**Stored items:**
•••••
lemma overlap_sum_le_imp_permutation:
  fixes \<phi> \<psi> :: "'n::finite \<Rightarrow> complex ^ 'n"
  assumes \<phi>: "orthonormal_basis \<phi>" and \<psi>: "orthonormal_basis \<psi>"
    and le: "overlap_sum \<phi> \<psi> \<le> real CARD('n)"
  obtains \<sigma> where "\<sigma> permutes UNIV" "\<And>y. ketbra (\<psi> y) = ketbra (\<phi> (\<sigma> y))"
proof -
  define t where "t x y = cmod (cinner (\<phi> x) (\<psi> y))" for x y
  have sq_le: "(t x y)\<^sup>2 \<le> t x y" for x y
    using cmod_cinner_le_1 [OF orthonormal_basis_norm [OF \<phi>] orthonormal_basis_norm [OF \<psi>]]
    by (simp add: t_def power2_eq_square mult_left_le_one_le)
  have total_le: "(\<Sum>x\<in>UNIV. \<Sum>y\<in>UNIV. t x y - (t x y)\<^sup>2) \<le> 0"
    using le sum_overlap_squares [OF \<phi> \<psi>] by (simp add: sum_subtractf t_def overlap_sum_def)
  have term_le: "t x y - (t x y)\<^sup>2 \<le> (\<Sum>x\<in>UNIV. \<Sum>y\<in>UNIV. t x y - (t x y)\<^sup>2)" for x y
  proof -
    have "t x y - (t x y)\<^sup>2 \<le> (\<Sum>y\<in>UNIV. t x y - (t x y)\<^sup>2)"
      by (rule member_le_sum) (auto intro: sq_le)
    also have "\<dots> \<le> (\<Sum>x\<in>UNIV. \<Sum>y\<in>UNIV. t x y - (t x y)\<^sup>2)"
      by (rule member_le_sum [of x]) (simp_all add: sq_le sum_nonneg)
    finally show ?thesis .
  qed
  have "t x y = (t x y)\<^sup>2" for x y
    using total_le term_le [of x y] sq_le [of x y] by linarith
  then have zero_one: "t x y = 0 \<or> t x y = 1" for x y
    by (metis power2_eq_square mult_cancel_right1 mult_eq_0_iff)
  have "(\<Sum>x\<in>UNIV. t x y) = 1" for y
    using orthonormal_basis_Parseval [OF \<phi>, of "\<psi> y"] orthonormal_basis_norm [OF \<psi>, of y]
      \<open>\<And>x y. t x y = (t x y)\<^sup>2\<close> by (simp add: t_def)
  moreover have "(\<Sum>y\<in>UNIV. t x y) = 1" for x
    using orthonormal_basis_Parseval [OF \<psi>, of "\<phi> x"] orthonormal_basis_norm [OF \<phi>, of x]
      \<open>\<And>x y. t x y = (t x y)\<^sup>2\<close> by (simp add: t_def cmod_cinner_commute)
  ultimately obtain \<sigma> where "\<sigma> permutes UNIV" "\<And>y. t (\<sigma> y) y = 1"
    using zero_one_doubly_stochastic_permutation zero_one by blast
  moreover have "ketbra (\<psi> y) = ketbra (\<phi> (\<sigma> y))" for y
    using ketbra_eq_if_cmod_cinner_eq_1 orthonormal_basis_norm [OF \<phi>] orthonormal_basis_norm [OF \<psi>]
      \<open>\<And>y. t (\<sigma> y) y = 1\<close> unfolding t_def by blast
  ultimately show ?thesis
    using that by blast
qed

section \<open>Joint measurements\<close>

lemma sum_row_col_le:
  fixes f :: "'a::finite \<Rightarrow> 'b::finite \<Rightarrow> real"
  assumes "\<And>x y. 0 \<le> f x y"
  shows "(\<Sum>y'\<in>UNIV. f x y') + (\<Sum>x'\<in>UNIV. f x' y) \<le> f x y + (\<Sum>x'\<in>UNIV. \<Sum>y'\<in>UNIV. f x' y')"
proof -
  have "(\<Sum>x'\<in>UNIV. \<Sum>y'\<in>UNIV. f x' y') = (\<Sum>y'\<in>UNIV. f x y') + (\<Sum>x'\<in>UNIV - {x}. \<Sum>y'\<in>UNIV. f x' y')"
    by (rule sum.remove) auto
  moreover have "(\<Sum>x'\<in>UNIV. f x' y) = f x y + (\<Sum>x'\<in>UNIV - {x}. f x' y)"
    by (rule sum.remove) auto
  moreover have "(\<Sum>x'\<in>UNIV - {x}. f x' y) \<le> (\<Sum>x'\<in>UNIV - {x}. \<Sum>y'\<in>UNIV. f x' y')"
    by (intro sum_mono member_le_sum) (auto intro: assms)
  ultimately show ?thesis
    by linarith
qed

lemma povm_psd: "povm G \<Longrightarrow> psd (G p)"
  by (simp add: povm_def)

lemma povm_sum_pairs: "povm G \<Longrightarrow> (\<Sum>x\<in>UNIV. \<Sum>y\<in>UNIV. G (x, y)) = mat 1"
  by (simp add: povm_def sum.cartesian_product)

lemma joint_povm_overlap_bound:
  fixes G :: "'a::finite \<times> 'b::finite \<Rightarrow> 'n::finite cmat"
  assumes G: "povm G"
    and row: "(\<Sum>y'\<in>UNIV. G (x, y')) = ketbra a" and col: "(\<Sum>x'\<in>UNIV. G (x', y)) = ketbra b"
    and unit: "norm a = 1" "norm b = 1"
  shows "cmod (cinner a b) + (cmod (cinner a b))\<^sup>2 \<le> Re (qform (G (x, y)) a) + Re (qform (G (x, y)) b)"
proof -
  define t where "t = cmod (cinner a b)"
  obtain \<omega> where \<omega>: "cmod \<omega> = 1" "\<omega> * cinner a b = of_real (cmod (cinner a b))"
    using exists_phase by blast
  define v where "v = a + \<omega> *s b"
  note eigen = ketbra_add_eigenvector [OF unit \<omega>, folded t_def v_def]
  have "cmod (complex_of_real (1 + t)) = 1 + t"
    by (simp only: norm_of_real) (simp add: t_def)
  then have norm_r: "cmod (1 + complex_of_real t) = 1 + t"
    by simp
  \<comment> \<open>Row x and column y of F each carry (1 + t)^2, the whole of F only 2 (1 + t).\<close>
  define F where "F x' y' = Re (qform (G (x', y')) v)" for x' y'
  have "(\<Sum>y'\<in>UNIV. F x y') = (1 + t)\<^sup>2"
    using row eigen(1) norm_r by (simp add: F_def Re_sum [symmetric] qform_sum [symmetric] qform_ketbra)
  moreover have "(\<Sum>x'\<in>UNIV. F x' y) = (1 + t)\<^sup>2"
    using col eigen(2) \<omega>(1) norm_r
    by (simp add: F_def Re_sum [symmetric] qform_sum [symmetric] qform_ketbra norm_mult)
  moreover have "(\<Sum>x'\<in>UNIV. \<Sum>y'\<in>UNIV. F x' y') = 2 * (1 + t)"
    using povm_sum_pairs [OF G] eigen(3)
    by (simp add: F_def Re_sum [symmetric] qform_sum [symmetric] qform_id)
  moreover have "F x y \<le> 2 * Re (qform (G (x, y)) a) + 2 * Re (qform (G (x, y)) b)"
    using psd_qform_add_le [OF povm_psd [OF G], of "(x, y)" a "\<omega> *s b"] \<omega>(1)
    by (simp add: F_def v_def qform_scale)
  moreover have "(\<Sum>y'\<in>UNIV. F x y') + (\<Sum>x'\<in>UNIV. F x' y) \<le> F x y + (\<Sum>x'\<in>UNIV. \<Sum>y'\<in>UNIV. F x' y')"
    by (rule sum_row_col_le) (simp add: F_def psd_qform_nonneg povm_psd [OF G])
  ultimately show ?thesis
    unfolding t_def [symmetric] by (simp add: power2_eq_square algebra_simps)
qed

lemma compatible_imp_overlap_sum_le:
  fixes \<phi> \<psi> :: "'n::finite \<Rightarrow> complex ^ 'n"
  assumes \<phi>: "orthonormal_basis \<phi>" and \<psi>: "orthonormal_basis \<psi>"
    and "compatible (\<lambda>x. ketbra (\<phi> x)) (\<lambda>y. ketbra (\<psi> y))"
  shows "overlap_sum \<phi> \<psi> \<le> real CARD('n)"
proof -
  obtain G :: "'n \<times> 'n \<Rightarrow> 'n cmat" where G: "povm G"
    and row: "\<And>x. (\<Sum>y\<in>UNIV. G (x, y)) = ketbra (\<phi> x)"
    and col: "\<And>y. (\<Sum>x\<in>UNIV. G (x, y)) = ketbra (\<psi> y)"
    using assms(3) unfolding compatible_def by blast
  define g where "g x y = Re (qform (G (x, y)) (\<phi> x))" for x y
  define h where "h x y = Re (qform (G (x, y)) (\<psi> y))" for x y
  have "(\<Sum>y\<in>UNIV. g x y) = 1" for x
    using row [of x] orthonormal_basis_norm [OF \<phi>, of x]
    by (simp add: g_def Re_sum [symmetric] qform_sum [symmetric] qform_ketbra cinner_self_unit)
  then have sum_g: "(\<Sum>x\<in>UNIV. \<Sum>y\<in>UNIV. g x y) = real CARD('n)"
    by simp
  have "(\<Sum>x\<in>UNIV. h x y) = 1" for y
    using col [of y] orthonormal_basis_norm [OF \<psi>, of y]
    by (simp add: h_def Re_sum [symmetric] qform_sum [symmetric] qform_ketbra cinner_self_unit)
  then have sum_h: "(\<Sum>x\<in>UNIV. \<Sum>y\<in>UNIV. h x y) = real CARD('n)"
    by (subst sum.swap) simp
  have "(\<Sum>x\<in>UNIV. \<Sum>y\<in>UNIV. cmod (cinner (\<phi> x) (\<psi> y)) + (cmod (cinner (\<phi> x) (\<psi> y)))\<^sup>2)
      \<le> (\<Sum>x\<in>UNIV. \<Sum>y\<in>UNIV. g x y + h x y)"
    unfolding g_def h_def
    by (intro sum_mono joint_povm_overlap_bound [OF G row col] orthonormal_basis_norm \<phi> \<psi>)
  then show ?thesis
    using sum_g sum_h sum_overlap_squares [OF \<phi> \<psi>] by (simp add: sum.distrib overlap_sum_def)
qed

lemma orthonormal_basis_povm: "orthonormal_basis b \<Longrightarrow> povm (\<lambda>x. ketbra (b x))"
  by (simp add: povm_def psd_ketbra orthonormal_basis_sum_ketbra)

lemma povm_compatible_permute:
  fixes M :: "'a::finite \<Rightarrow> 'n::finite cmat"
  assumes M: "povm M" and \<sigma>: "\<sigma> permutes UNIV"
  shows "compatible M (\<lambda>y. M (\<sigma> y))"
proof -
  define G where "G p = (if fst p = \<sigma> (snd p) then M (fst p) else 0)" for p
  have row: "(\<Sum>y\<in>UNIV. G (x, y)) = M x" for x
    using permutes_inverses [OF \<sigma>] by (simp add: G_def eq_commute [of x] sum.delta'
        flip: permutes_inv_eq [OF \<sigma>])
  have "psd (G p)" for p
    using M by (simp add: G_def povm_def psd_def cinner_def)
  moreover have "(\<Sum>p\<in>UNIV. G p) = mat 1"
  proof -
    have "(\<Sum>p\<in>UNIV. G p) = (\<Sum>x\<in>UNIV. \<Sum>y\<in>UNIV. G (x, y))"
      by (simp add: sum.cartesian_product)
    then show ?thesis
      using M by (simp add: row povm_def)
  qed
  moreover have "(\<Sum>x\<in>UNIV. G (x, y)) = M (\<sigma> y)" for y
    by (simp add: G_def)
  ultimately show ?thesis
    unfolding compatible_def povm_def using row by blast
qed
•••••
**What you need to do:** In your reply, restate exactly the lines from the start of the records above through the line holding "using orthonormal_basis_Parseval [OF \<psi>, of", including both, and nothing else.

**Answer box:**
lemma overlap_sum_le_imp_permutation:
  fixes \<phi> \<psi> :: "'n::finite \<Rightarrow> complex ^ 'n"
  assumes \<phi>: "orthonormal_basis \<phi>" and \<psi>: "orthonormal_basis \<psi>"
    and le: "overlap_sum \<phi> \<psi> \<le> real CARD('n)"
  obtains \<sigma> where "\<sigma> permutes UNIV" "\<And>y. ketbra (\<psi> y) = ketbra (\<phi> (\<sigma> y))"
proof -
  define t where "t x y = cmod (cinner (\<phi> x) (\<psi> y))" for x y
  have sq_le: "(t x y)\<^sup>2 \<le> t x y" for x y
    using cmod_cinner_le_1 [OF orthonormal_basis_norm [OF \<phi>] orthonormal_basis_norm [OF \<psi>]]
    by (simp add: t_def power2_eq_square mult_left_le_one_le)
  have total_le: "(\<Sum>x\<in>UNIV. \<Sum>y\<in>UNIV. t x y - (t x y)\<^sup>2) \<le> 0"
    using le sum_overlap_squares [OF \<phi> \<psi>] by (simp add: sum_subtractf t_def overlap_sum_def)
  have term_le: "t x y - (t x y)\<^sup>2 \<le> (\<Sum>x\<in>UNIV. \<Sum>y\<in>UNIV. t x y - (t x y)\<^sup>2)" for x y
  proof -
    have "t x y - (t x y)\<^sup>2 \<le> (\<Sum>y\<in>UNIV. t x y - (t x y)\<^sup>2)"
      by (rule member_le_sum) (auto intro: sq_le)
    also have "\<dots> \<le> (\<Sum>x\<in>UNIV. \<Sum>y\<in>UNIV. t x y - (t x y)\<^sup>2)"
      by (rule member_le_sum [of x]) (simp_all add: sq_le sum_nonneg)
    finally show ?thesis .
  qed
  have "t x y = (t x y)\<^sup>2" for x y
    using total_le term_le [of x y] sq_le [of x y] by linarith
  then have zero_one: "t x y = 0 \<or> t x y = 1" for x y
    by (metis power2_eq_square mult_cancel_right1 mult_eq_0_iff)
  have "(\<Sum>x\<in>UNIV. t x y) = 1" for y
    using orthonormal_basis_Parseval [OF \<phi>, of "\<psi> y"] orthonormal_basis_norm [OF \<psi>, of y]
      \<open>\<And>x y. t x y = (t x y)\<^sup>2\<close> by (simp add: t_def)
  moreover have "(\<Sum>y\<in>UNIV. t x y) = 1" for x
    using orthonormal_basis_Parseval [OF \<psi>, of "\<phi> x"] orthonormal_basis_norm [OF \<phi>, of x]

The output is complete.